**WHAT THE EXERCISE ASKS**: The full set of records below is to be reproduced without a single alteration.

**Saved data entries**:
- Opening Delimiter -

(* Let $p\geq 2$ be an even integer and let $U_p=\bigcup_{n\in 2\mathbb Z_+}\mathbb Z_p^n$. Let $\tau\in\{1,\ldots,p\}$ be such that $\tau\equiv 0\pmod 2$, $\tau\mid p$ and $p/\tau\equiv 0\pmod 2$. Let $\boldsymbol a,\boldsymbol b\in U_p$ be equivalent (in the sense defined in the context). Then $\mu_{p,\tau}(\boldsymbol a)=\mu_{p,\tau}(\boldsymbol b)$.
   Context: $\mathbb Z_+$ denotes the positive integers and $\mathbb Z_p=\mathbb Z/p\mathbb Z$. Two elements of $U_p$ are called equivalent if they are related by a finite sequence of the following transformations of $(a_1,\ldots,a_n)\in\mathbb Z_p^n$ ($n$ even): (Op1) $(a_1,\ldots,a_n)\to(a_2,\ldots,a_n,a_1)$; (Op2) $(a_1,\ldots,a_n)\to(a, a_2+(-1)^2(a_1-a),\ldots,a_i+(-1)^i(a_1-a),\ldots,a_n+(-1)^n(a_1-a))$ for any $a\in\mathbb Z_p$; (Op3) $(a_1,\ldots,a_n)\to(a, a_1-a_2+a,\ldots,a_1-a_i+a,\ldots,a_1-a_n+a)$ for any $a\in\mathbb Z_p$; (Op4) $(a_1,\ldots,a_n)\to(a_1,-a_1+a_2+a_3,a_3,\ldots,a_n)$ when $n>3$. For $\boldsymbol a=(a_1,\ldots,a_n)\in U_p$, $\tau_p(\boldsymbol a)$ is the maximum of all $k\in\{1,\ldots,p\}$ with $k\mid p$ and $a_1+a_2\equiv a_2+a_3\equiv\cdots\equiv a_n+a_1\pmod k$. For an even integer $q\ge 2$ and a tuple $(b_1,\ldots,b_m)$ of elements of $\mathbb Z_q$, let $E$ (resp. $O$) count the number of entries that are even (resp. odd), and define $\mu_q(b_1,\ldots,b_m)=E(b_1+b_2,\ldots,b_{m-1}+b_m,b_m+b_1)-O(b_1+b_2,\ldots,b_{m-1}+b_m,b_m+b_1)$. Define $\mu_{p,\tau}:U_p\to\mathbb Z\cup\{\infty\}$ as follows. If $\tau_p(\boldsymbol a)\neq\tau$, then $\mu_{p,\tau}(\boldsymbol a)=\infty$. If $\tau_p(\boldsymbol a)=\tau$, then $a_{2j-1}-a_1$ and $a_{2j}-a_2$ are divisible by $\tau$ in $\mathbb Z_p$ for all $j$, and dividing by $\tau$ gives well-defined elements of $\mathbb Z_{p/\tau}$; set $\mu_{p,\tau}(\boldsymbol a)=\left|\mu_{p/\tau}\left(\frac{a_1-a_1}{\tau},\frac{a_2-a_2}{\tau},\frac{a_3-a_1}{\tau},\frac{a_4-a_2}{\tau},\ldots,\frac{a_{2j-1}-a_1}{\tau},\frac{a_{2j}-a_2}{\tau},\ldots,\frac{a_{n-1}-a_1}{\tau},\frac{a_n-a_2}{\tau}\right)\right|$, i.e. odd-indexed entries have $a_1$ subtracted and even-indexed entries have $a_2$ subtracted. *)

theory Defs
  imports Main "HOL-Library.Extended_Nat"
begin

- Closing Delimiter -

**ANSWER SPACE**:
(* Let $p\geq 2$ be an even integer and let $U_p=\bigcup_{n\in 2\mathbb Z_+}\mathbb Z_p^n$. Let $\tau\in\{1,\ldots,p\}$ be such that $\tau\equiv 0\pmod 2$, $\tau\mid p$ and $p/\tau\equiv 0\pmod 2$. Let $\boldsymbol a,\boldsymbol b\in U_p$ be equivalent (in the sense defined in the context). Then $\mu_{p,\tau}(\boldsymbol a)=\mu_{p,\tau}(\boldsymbol b)$.
   Context: $\mathbb Z_+$ denotes the positive integers and $\mathbb Z_p=\mathbb Z/p\mathbb Z$. Two elements of $U_p$ are called equivalent if they are related by a finite sequence of the following transformations of $(a_1,\ldots,a_n)\in\mathbb Z_p^n$ ($n$ even): (Op1) $(a_1,\ldots,a_n)\to(a_2,\ldots,a_n,a_1)$; (Op2) $(a_1,\ldots,a_n)\to(a, a_2+(-1)^2(a_1-a),\ldots,a_i+(-1)^i(a_1-a),\ldots,a_n+(-1)^n(a_1-a))$ for any $a\in\mathbb Z_p$; (Op3) $(a_1,\ldots,a_n)\to(a, a_1-a_2+a,\ldots,a_1-a_i+a,\ldots,a_1-a_n+a)$ for any $a\in\mathbb Z_p$; (Op4) $(a_1,\ldots,a_n)\to(a_1,-a_1+a_2+a_3,a_3,\ldots,a_n)$ when $n>3$. For $\boldsymbol a=(a_1,\ldots,a_n)\in U_p$, $\tau_p(\boldsymbol a)$ is the maximum of all $k\in\{1,\ldots,p\}$ with $k\mid p$ and $a_1+a_2\equiv a_2+a_3\equiv\cdots\equiv a_n+a_1\pmod k$. For an even integer $q\ge 2$ and a tuple $(b_1,\ldots,b_m)$ of elements of $\mathbb Z_q$, let $E$ (resp. $O$) count the number of entries that are even (resp. odd), and define $\mu_q(b_1,\ldots,b_m)=E(b_1+b_2,\ldots,b_{m-1}+b_m,b_m+b_1)-O(b_1+b_2,\ldots,b_{m-1}+b_m,b_m+b_1)$. Define $\mu_{p,\tau}:U_p\to\mathbb Z\cup\{\infty\}$ as follows. If $\tau_p(\boldsymbol a)\neq\tau$, then $\mu_{p,\tau}(\boldsymbol a)=\infty$. If $\tau_p(\boldsymbol a)=\tau$, then $a_{2j-1}-a_1$ and $a_{2j}-a_2$ are divisible by $\tau$ in $\mathbb Z_p$ for all $j$, and dividing by $\tau$ gives well-defined elements of $\mathbb Z_{p/\tau}$; set $\mu_{p,\tau}(\boldsymbol a)=\left|\mu_{p/\tau}\left(\frac{a_1-a_1}{\tau},\frac{a_2-a_2}{\tau},\frac{a_3-a_1}{\tau},\frac{a_4-a_2}{\tau},\ldots,\frac{a_{2j-1}-a_1}{\tau},\frac{a_{2j}-a_2}{\tau},\ldots,\frac{a_{n-1}-a_1}{\tau},\frac{a_n-a_2}{\tau}\right)\right|$, i.e. odd-indexed entries have $a_1$ subtracted and even-indexed entries have $a_2$ subtracted. *)

theory Defs
  imports Main "HOL-Library.Extended_Nat"
begin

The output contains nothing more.